主人いわく、警察に裏金を渡して、留置所にいるハン氏に戻ってきてもらうとのことだった。その上で、やはり娘婿として迎え入れるという話だった。ベストな考え方だろう。明らかに悪いのは娘に絡んでいた男なのだから。とはいえ、店が毒を出したという話は少なからずあたりに広まるに違いない。すでに広まってもいるだろう。その点については、主人が信用の回復に駆けずり回らなければならないはずだ。
『フグ屋』からの帰路、私の隣をとことことついてくるメイヤ君である。
「なるほど。こういったかたちで探偵は事件を解決するものなのですね。勉強になりましたですよ」
「メイヤ君」
「はいです」
「君は今回の案件について細かくメモをとっていたようだけれど、結局それはなんの役にも立たなかっただろう?」
「まあ、そうですね。本件の場合はそうでした」
「いつか役に立つと思っているのかい?」
「なりますよ、きっと。何かの折にはエビデンスになるはずです」
「エビデンスだなんて、君は難しい言葉を知っているね」
「ボキャブラリーは豊富なほうなのです」
「いいことだ」
「でしょう?」
「うん。ところでなんだけどね、メイヤ君」私は彼女の恰好に注目する。「短いスカートばかりはくのはやめたほうがいい」
「それってどうしてですか?」
「異性の邪な欲求を掻き立てる要因になりかねないからだよ」
メイヤ君が自宅からウチへと転がり込んでくる際、私も引っ越し作業に駆り出された。プラスティック製の収納ケースをを運び出すのを手伝われされたのだ。計二つ、それぞれ三段重ねでそれなりに重かった。彼女はいわゆる衣装持ちなのだ。

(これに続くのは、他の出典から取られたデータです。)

lemma poincare_factor_harnack_segment:
  fixes H :: "'a::complex_banach \<Rightarrow> complex"
  assumes D: "convex D" and H: "frechet_holomorphic_disc H D"
    and balls: "ball a \<rho> \<subseteq> D" "ball b \<rho> \<subseteq> D" "0 < \<rho>" and dist: "norm (b - a) \<le> real N * \<rho> / 2"
  shows "poincare_factor (norm (H b)) \<le> 3 ^ N * poincare_factor (norm (H a))"
proof (cases "N = 0")
  case True
  with dist show ?thesis by simp
next
  case False
  define z where "z k = a + (real k / real N) *\<^sub>R (b - a)" for k
  have "poincare_factor (norm (H (z (Suc k)))) \<le> 3 * poincare_factor (norm (H (z k)))"
    if "k < N" for k
  proof (rule poincare_factor_harnack_step[OF H _ \<open>0 < \<rho>\<close>])
    show "ball (z k) \<rho> \<subseteq> D"
      unfolding z_def using that by (intro ball_subset_convex_segment[OF D balls(1,2)]) auto
    have "z (Suc k) - z k = (real (Suc k) / real N - real k / real N) *\<^sub>R (b - a)"
      by (simp add: z_def scaleR_diff_left)
    also have "real (Suc k) / real N - real k / real N = 1 / real N"
      by (simp add: diff_divide_distrib[symmetric])
    finally have "z (Suc k) - z k = (1 / real N) *\<^sub>R (b - a)" .
    with dist False show "norm (z (Suc k) - z k) \<le> \<rho> / 2"
      by (simp add: divide_simps mult.commute)
  qed
  from bounded_by_geometric_growth[of N "\<lambda>k. poincare_factor (norm (H (z k)))", OF this] False
  show ?thesis by (simp add: z_def)
qed

lemma half_plane_to_disc:
  fixes w :: complex and a :: real
  assumes a: "a > 0" and w: "Re w < a"
  shows "cmod (w / (2 * a - w)) < 1"
    and "a / (4 * (a - Re w)) \<le> poincare_factor (cmod (w / (2 * a - w)))"
proof -
  define X where "X = (cmod (2 * a - w))\<^sup>2"
  define \<rho> where "\<rho> = cmod (w / (2 * a - w))"
  have "a\<^sup>2 \<le> (2 * a - Re w)\<^sup>2"
    using a w by (intro power_mono) auto
  then have Xa: "a\<^sup>2 \<le> X"
    unfolding X_def cmod_power2 by (simp add: add_increasing2)
  have X: "X > 0"
    using Xa a zero_less_power[of a 2] by linarith
  have "X - (cmod w)\<^sup>2 = 4 * a * (a - Re w)"
    unfolding X_def cmod_power2 by (simp add: power2_eq_square algebra_simps)
  moreover have "\<rho>\<^sup>2 = (cmod w)\<^sup>2 / X"
    by (simp add: \<rho>_def X_def norm_divide power_divide)
  ultimately have 1: "1 - \<rho>\<^sup>2 = 4 * a * (a - Re w) / X"
    using X by (simp add: field_simps)
  moreover have "0 < 4 * a * (a - Re w) / X"
    using a w X by simp
  ultimately have "\<rho>\<^sup>2 < 1" by linarith
  then show "cmod (w / (2 * a - w)) < 1"
    unfolding \<rho>_def by (simp add: power_less_one_iff abs_square_less_1)
  then have \<rho>: "0 \<le> \<rho>" "\<rho> < 1" by (auto simp: \<rho>_def)
  have "1 - \<rho> \<le> 1 - \<rho>\<^sup>2"
    using \<rho> by (simp add: power2_eq_square mult_left_le)
  also have "\<dots> \<le> 4 * a * (a - Re w) / a\<^sup>2"
    unfolding 1 using a w Xa X by (intro divide_left_mono) auto
  also have "\<dots> = 4 * (a - Re w) / a"
    using a by (simp add: power2_eq_square)
  finally have "a / (4 * (a - Re w)) \<le> 1 / (1 - \<rho>)"
    using \<rho> a w by (simp add: divide_simps mult.commute)
  also have "\<dots> \<le> poincare_factor \<rho>"
    unfolding poincare_factor_def using \<rho> by (intro divide_right_mono) auto
  finally show "a / (4 * (a - Re w)) \<le> poincare_factor (cmod (w / (2 * a - w)))"
    by (simp add: \<rho>_def)
qed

彼女はやはりとことこと歩き、やがては私の隣に並んだ。
「わたしはミニスカはやめません」
「それってどううしてだい?」
「脚がすーすーしていないと気持ちが悪いのですよ」
「男の私からすると、わからない感覚だね」
「まあ、そうでしょうね。それにしても、良かったのですか?」
「何がだい?」
「ハンさんと娘さんは、ヒトを殺すことを企て実行した。それって立派な殺人事件です。なのに、マオさんは警察に話を持っていくつもりはないのですよね?」
「持っていったところで、私は得をしないからね」
「ということは、殺人を見逃すということですよね?」
「法的な善悪においては、私のやり方は間違いなんだろう。でも、私は自身の価値観を優先するタチなんでね」
「おぉっ、それってなんだかとってもカッコいいセリフです」
「綺麗ごとを言っているつもりはないんだけど」
「いいことはいいこととして押し通す。だけど悪いことは見過ごさない。要するに、マオさんってそうヒトなのですね」
「そうかい?」
「そうなのです。で、しょうもないっていうか、つまらないヤクザさんですか? それってどんなヒト達なのですか?」
「ケチくさい連中だよ。既得権益にしがみついているだけさ」
「取るに足らないヒト達だってことですか?」
「その通りだよ。しかし、そんな奴らが幅を利かせているのが実態だ。だからこの街は、こんなにも胡散臭い」
「マオさん」
「ん?」
「わたし、この仕事が好きになれそうです」
「それはまたどうしてだい?」
「事件の真相を突き止める。それって凄くカッコいいことじゃないですか」
「そうかなあ」
「そうですよぅ。いつか私も事務所を開きたいなあって思っちゃうくらい、カッコいいです」
「今すぐにでもいい」
「はい?」
「君が主人で私が助手でもいいと言っている」
「そんなそんな、滅相もない。わたしはまだまだ駆け出しですから」
メイヤ君は私の前方に躍り出ると、茶色いボルサリーノの左右のふちを掴んで、ぺこっとお行儀良く頭を下げた。